What the task asks>
The response must consist of the lines below from the one with "proof (rule ccontr)" through the one with "pair_matrix h N n w)", exactly as they appear and with both ends kept.
*** Opening Records for the exercise ***
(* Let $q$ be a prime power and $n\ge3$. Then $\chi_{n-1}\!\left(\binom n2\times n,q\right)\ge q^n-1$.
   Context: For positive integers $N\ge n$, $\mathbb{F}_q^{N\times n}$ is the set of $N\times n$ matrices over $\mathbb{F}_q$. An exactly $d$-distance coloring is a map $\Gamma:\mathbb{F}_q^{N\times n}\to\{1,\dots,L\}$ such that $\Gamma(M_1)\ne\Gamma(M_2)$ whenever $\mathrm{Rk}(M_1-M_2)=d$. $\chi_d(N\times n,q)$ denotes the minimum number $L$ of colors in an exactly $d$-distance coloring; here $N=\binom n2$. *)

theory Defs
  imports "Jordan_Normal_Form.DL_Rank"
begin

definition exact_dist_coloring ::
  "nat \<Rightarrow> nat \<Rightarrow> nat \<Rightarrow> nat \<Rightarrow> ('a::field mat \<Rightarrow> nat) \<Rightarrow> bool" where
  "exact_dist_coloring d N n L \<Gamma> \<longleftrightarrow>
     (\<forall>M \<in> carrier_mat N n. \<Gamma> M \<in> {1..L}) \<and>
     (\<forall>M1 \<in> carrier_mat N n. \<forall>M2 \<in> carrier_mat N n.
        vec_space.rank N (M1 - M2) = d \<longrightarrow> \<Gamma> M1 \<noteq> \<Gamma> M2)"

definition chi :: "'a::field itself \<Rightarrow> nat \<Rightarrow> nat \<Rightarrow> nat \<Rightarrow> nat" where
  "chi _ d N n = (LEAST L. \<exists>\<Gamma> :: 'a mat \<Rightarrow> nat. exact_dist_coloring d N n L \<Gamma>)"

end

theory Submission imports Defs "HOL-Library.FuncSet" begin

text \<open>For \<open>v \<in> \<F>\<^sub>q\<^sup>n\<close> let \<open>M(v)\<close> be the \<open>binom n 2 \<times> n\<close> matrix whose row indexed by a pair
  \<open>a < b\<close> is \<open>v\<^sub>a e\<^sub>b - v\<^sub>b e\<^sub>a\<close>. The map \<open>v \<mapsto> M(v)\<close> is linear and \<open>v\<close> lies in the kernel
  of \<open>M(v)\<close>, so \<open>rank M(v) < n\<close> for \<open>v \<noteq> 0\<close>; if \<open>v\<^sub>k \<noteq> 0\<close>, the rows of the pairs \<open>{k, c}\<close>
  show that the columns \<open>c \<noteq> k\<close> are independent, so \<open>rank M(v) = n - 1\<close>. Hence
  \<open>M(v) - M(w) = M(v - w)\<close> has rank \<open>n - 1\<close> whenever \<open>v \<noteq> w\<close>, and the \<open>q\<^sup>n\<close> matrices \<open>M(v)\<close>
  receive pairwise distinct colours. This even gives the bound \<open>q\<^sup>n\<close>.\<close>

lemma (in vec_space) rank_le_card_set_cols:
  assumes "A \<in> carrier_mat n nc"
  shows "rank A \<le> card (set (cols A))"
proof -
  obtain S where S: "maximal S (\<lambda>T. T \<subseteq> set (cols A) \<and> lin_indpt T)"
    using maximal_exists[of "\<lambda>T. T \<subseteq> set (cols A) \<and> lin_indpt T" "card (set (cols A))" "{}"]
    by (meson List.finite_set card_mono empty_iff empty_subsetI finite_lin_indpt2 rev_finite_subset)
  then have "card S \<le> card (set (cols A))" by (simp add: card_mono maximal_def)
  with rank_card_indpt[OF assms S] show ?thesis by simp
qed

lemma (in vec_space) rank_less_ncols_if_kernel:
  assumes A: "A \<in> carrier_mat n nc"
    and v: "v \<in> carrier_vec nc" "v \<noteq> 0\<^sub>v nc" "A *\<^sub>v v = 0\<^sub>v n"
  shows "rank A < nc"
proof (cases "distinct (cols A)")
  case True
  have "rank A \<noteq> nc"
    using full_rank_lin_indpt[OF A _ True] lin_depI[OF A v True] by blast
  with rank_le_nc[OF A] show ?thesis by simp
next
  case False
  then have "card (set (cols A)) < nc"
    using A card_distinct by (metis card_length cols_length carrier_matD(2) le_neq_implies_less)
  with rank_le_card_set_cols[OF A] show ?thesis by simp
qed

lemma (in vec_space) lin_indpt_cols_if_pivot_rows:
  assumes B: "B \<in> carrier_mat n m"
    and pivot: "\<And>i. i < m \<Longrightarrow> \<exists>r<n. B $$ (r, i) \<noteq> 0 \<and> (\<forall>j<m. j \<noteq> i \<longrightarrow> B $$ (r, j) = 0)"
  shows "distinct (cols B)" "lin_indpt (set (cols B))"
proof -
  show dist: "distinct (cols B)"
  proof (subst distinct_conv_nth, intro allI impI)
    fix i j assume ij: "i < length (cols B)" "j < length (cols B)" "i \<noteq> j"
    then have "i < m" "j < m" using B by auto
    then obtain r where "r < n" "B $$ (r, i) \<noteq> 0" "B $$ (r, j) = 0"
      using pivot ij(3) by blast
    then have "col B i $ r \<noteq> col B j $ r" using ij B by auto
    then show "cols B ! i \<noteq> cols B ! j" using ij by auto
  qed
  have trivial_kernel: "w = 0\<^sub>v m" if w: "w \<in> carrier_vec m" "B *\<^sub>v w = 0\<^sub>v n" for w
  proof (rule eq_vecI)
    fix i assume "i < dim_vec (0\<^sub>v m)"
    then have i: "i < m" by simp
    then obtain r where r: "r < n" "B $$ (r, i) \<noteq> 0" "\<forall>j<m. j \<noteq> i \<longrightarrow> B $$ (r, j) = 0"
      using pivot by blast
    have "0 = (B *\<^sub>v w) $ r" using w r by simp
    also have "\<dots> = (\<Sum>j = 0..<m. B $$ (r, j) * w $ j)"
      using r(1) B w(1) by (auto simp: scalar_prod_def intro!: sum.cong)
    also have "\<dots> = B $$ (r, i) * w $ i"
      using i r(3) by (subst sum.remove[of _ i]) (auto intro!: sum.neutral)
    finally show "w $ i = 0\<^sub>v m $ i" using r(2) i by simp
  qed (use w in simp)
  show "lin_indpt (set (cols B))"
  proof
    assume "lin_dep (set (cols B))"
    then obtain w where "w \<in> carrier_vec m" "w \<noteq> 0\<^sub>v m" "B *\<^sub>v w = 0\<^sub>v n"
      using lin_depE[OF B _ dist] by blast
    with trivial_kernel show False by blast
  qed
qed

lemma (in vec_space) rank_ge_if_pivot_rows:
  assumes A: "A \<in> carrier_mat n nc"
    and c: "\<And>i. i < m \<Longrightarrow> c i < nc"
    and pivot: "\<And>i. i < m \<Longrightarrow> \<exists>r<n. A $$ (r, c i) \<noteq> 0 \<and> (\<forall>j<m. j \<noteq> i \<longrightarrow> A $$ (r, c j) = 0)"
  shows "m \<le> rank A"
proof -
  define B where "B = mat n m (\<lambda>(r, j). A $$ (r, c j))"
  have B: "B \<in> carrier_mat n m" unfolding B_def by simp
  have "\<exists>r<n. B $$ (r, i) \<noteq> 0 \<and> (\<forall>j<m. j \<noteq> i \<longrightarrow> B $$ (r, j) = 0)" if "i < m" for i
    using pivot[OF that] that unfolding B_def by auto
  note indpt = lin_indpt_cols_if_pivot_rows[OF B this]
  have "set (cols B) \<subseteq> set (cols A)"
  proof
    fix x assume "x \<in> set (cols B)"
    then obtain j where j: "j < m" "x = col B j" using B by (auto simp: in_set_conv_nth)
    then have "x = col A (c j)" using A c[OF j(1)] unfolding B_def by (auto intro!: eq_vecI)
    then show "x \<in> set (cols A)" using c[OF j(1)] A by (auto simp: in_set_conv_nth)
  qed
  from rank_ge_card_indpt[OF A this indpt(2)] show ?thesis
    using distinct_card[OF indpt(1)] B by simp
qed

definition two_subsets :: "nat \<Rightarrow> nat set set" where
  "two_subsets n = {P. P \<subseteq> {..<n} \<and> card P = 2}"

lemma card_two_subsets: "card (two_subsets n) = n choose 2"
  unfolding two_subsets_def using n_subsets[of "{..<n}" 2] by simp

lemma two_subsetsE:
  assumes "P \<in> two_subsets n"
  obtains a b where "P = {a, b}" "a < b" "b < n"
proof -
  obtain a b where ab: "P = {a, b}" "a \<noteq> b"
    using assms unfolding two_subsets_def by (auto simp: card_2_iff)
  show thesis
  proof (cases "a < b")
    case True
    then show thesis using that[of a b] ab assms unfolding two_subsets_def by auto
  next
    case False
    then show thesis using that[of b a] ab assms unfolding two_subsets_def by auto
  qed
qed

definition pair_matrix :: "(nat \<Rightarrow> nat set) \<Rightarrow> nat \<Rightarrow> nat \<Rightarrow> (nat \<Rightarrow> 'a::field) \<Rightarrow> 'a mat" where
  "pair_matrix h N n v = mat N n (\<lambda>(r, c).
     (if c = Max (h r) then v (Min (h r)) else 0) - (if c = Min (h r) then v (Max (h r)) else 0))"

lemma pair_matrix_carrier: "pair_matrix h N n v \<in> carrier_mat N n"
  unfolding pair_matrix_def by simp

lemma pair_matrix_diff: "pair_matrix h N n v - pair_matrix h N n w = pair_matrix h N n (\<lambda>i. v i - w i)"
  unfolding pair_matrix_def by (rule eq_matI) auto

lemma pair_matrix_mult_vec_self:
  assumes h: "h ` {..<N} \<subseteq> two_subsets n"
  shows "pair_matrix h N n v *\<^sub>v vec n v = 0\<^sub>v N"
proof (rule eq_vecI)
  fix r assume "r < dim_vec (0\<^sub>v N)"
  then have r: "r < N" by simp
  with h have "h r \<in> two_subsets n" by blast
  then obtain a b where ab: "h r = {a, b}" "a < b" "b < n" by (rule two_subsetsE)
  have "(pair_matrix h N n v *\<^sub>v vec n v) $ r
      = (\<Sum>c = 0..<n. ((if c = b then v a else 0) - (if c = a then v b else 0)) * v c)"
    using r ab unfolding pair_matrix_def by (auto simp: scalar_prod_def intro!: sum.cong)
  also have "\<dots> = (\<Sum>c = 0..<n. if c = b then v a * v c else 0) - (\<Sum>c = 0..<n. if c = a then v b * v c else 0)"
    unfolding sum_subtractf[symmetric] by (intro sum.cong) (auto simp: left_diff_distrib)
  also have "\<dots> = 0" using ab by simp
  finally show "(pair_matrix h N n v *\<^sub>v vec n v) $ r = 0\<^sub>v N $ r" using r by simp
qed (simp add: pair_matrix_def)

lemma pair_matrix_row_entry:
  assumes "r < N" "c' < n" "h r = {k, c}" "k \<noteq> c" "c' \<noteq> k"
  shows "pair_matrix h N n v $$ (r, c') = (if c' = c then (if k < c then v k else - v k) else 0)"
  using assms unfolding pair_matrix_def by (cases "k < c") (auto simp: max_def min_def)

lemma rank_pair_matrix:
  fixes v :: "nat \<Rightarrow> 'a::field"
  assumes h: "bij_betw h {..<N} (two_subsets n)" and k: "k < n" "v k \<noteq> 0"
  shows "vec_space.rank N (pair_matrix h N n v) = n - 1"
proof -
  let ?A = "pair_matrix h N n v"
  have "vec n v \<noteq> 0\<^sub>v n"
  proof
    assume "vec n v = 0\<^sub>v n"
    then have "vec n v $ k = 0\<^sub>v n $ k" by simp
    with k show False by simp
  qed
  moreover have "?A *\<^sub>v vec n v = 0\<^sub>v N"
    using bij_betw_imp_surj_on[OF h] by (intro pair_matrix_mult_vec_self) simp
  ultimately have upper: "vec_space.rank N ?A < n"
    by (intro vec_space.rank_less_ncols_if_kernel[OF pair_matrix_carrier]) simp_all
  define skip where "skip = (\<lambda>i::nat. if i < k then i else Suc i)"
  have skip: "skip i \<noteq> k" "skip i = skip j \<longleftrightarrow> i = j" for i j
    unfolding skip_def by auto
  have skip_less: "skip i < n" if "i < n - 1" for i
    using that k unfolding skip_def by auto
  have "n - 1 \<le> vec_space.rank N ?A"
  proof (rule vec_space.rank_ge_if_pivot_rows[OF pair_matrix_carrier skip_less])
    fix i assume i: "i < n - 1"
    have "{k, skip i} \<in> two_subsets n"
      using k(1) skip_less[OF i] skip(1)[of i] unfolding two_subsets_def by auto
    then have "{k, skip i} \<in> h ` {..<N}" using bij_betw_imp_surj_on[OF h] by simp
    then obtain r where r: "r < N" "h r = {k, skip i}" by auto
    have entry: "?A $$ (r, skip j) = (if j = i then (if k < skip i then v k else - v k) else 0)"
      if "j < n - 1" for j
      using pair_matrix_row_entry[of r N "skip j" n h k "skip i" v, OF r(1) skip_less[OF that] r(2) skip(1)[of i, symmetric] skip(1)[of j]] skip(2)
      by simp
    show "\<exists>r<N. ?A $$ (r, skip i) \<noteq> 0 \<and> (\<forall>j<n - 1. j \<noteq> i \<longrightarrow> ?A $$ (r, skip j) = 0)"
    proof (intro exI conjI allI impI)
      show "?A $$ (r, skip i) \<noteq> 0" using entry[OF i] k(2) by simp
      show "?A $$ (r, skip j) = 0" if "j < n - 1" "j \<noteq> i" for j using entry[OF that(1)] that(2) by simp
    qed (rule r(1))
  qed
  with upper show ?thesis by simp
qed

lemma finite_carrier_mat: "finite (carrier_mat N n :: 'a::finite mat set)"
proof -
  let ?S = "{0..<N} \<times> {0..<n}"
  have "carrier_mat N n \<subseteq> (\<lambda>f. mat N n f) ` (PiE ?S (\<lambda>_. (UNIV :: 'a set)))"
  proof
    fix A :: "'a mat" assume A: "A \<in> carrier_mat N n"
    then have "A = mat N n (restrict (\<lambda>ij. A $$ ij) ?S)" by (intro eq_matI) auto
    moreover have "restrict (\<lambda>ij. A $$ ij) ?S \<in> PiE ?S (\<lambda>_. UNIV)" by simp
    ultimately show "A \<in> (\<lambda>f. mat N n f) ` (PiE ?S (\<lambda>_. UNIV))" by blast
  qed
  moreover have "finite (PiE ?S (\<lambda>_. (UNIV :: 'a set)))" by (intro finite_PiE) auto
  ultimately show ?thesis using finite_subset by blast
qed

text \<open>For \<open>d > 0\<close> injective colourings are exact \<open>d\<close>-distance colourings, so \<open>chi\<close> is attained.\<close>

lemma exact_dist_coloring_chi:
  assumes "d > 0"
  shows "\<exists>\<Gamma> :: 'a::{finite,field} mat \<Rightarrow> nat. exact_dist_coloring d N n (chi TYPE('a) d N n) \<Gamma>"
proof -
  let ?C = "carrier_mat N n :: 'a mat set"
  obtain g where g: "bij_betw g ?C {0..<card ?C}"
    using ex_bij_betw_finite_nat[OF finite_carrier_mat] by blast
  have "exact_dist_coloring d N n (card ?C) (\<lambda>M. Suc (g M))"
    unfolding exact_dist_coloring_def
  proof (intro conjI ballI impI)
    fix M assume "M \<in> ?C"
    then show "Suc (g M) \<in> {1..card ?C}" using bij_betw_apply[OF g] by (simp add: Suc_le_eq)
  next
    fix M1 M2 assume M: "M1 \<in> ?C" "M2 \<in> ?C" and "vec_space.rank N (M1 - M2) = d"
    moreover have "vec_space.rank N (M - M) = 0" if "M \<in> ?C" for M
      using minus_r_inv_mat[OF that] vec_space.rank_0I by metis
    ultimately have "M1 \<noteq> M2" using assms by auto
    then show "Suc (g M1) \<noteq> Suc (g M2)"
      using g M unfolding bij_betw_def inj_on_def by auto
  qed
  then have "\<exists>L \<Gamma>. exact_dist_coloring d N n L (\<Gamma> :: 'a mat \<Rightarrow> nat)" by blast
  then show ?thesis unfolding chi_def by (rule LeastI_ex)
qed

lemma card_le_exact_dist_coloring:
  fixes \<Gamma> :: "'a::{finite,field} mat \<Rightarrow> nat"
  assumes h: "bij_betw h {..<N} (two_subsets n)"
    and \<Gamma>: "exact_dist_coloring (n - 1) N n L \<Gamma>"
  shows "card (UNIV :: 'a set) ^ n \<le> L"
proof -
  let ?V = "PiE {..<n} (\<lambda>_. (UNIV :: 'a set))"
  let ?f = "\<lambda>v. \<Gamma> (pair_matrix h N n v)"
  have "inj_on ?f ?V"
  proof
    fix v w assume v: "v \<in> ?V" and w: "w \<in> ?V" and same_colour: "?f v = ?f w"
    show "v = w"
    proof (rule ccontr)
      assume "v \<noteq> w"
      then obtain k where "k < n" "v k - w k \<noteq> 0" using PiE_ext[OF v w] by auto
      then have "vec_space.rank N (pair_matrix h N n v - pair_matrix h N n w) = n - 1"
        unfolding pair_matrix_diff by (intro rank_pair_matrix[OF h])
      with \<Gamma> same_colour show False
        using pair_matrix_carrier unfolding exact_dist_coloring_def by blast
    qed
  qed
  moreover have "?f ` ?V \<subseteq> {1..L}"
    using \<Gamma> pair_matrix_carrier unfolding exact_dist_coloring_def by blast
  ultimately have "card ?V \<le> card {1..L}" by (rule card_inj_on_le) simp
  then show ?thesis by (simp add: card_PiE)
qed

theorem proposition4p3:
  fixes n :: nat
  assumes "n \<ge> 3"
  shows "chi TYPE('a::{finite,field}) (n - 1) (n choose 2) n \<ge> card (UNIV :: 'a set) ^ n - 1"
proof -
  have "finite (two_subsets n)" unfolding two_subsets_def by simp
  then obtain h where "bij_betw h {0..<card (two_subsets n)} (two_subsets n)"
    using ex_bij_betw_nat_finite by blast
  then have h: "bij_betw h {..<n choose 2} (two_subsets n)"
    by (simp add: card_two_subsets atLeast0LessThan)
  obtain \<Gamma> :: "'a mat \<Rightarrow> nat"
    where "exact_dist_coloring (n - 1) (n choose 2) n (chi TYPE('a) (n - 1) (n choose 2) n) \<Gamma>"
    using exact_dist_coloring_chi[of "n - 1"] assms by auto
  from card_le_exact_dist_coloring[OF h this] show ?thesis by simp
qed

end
*** Closing Records for the exercise ***
*** Opening Records for the exercise ***
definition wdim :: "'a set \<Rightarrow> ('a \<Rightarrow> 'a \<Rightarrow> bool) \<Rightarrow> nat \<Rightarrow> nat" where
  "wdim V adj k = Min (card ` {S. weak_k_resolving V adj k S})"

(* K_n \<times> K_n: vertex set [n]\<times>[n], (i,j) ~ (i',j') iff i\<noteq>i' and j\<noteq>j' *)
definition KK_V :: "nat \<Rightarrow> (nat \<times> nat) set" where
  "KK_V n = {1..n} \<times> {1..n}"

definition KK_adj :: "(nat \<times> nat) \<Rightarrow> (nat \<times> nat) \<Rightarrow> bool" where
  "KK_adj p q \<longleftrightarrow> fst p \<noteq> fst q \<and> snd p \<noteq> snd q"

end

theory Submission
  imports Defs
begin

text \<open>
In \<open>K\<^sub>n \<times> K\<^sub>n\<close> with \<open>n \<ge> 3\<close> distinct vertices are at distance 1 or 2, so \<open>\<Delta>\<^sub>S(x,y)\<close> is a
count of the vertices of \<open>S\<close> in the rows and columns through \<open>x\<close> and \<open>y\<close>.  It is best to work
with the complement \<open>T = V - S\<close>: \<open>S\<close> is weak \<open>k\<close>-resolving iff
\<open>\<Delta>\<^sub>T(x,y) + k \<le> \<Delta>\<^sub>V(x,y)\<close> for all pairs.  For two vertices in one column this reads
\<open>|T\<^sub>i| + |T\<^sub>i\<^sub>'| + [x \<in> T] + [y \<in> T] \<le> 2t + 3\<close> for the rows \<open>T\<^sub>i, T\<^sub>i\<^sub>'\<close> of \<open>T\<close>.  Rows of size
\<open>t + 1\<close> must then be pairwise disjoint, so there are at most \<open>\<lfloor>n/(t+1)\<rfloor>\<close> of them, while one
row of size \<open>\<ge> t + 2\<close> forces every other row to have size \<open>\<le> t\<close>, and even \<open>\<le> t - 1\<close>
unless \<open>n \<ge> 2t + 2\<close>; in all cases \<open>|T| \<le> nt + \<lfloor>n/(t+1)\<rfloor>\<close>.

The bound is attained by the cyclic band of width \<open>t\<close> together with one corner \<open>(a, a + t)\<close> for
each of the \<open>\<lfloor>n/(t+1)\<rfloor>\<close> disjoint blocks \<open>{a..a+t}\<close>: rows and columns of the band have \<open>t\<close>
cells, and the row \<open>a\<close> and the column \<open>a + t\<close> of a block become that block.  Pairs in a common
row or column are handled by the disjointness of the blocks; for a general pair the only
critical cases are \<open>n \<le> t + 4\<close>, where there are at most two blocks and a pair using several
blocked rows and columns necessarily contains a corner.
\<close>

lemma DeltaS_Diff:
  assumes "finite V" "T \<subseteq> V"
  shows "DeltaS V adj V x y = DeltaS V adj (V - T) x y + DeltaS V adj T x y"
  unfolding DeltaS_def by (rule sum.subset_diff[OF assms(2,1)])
*** Closing Records for the exercise ***
Solution to the exercise>
    proof (rule ccontr)
      assume "v \<noteq> w"
      then obtain k where "k < n" "v k - w k \<noteq> 0" using PiE_ext[OF v w] by auto
      then have "vec_space.rank N (pair_matrix h N n v - pair_matrix h N n w) = n - 1"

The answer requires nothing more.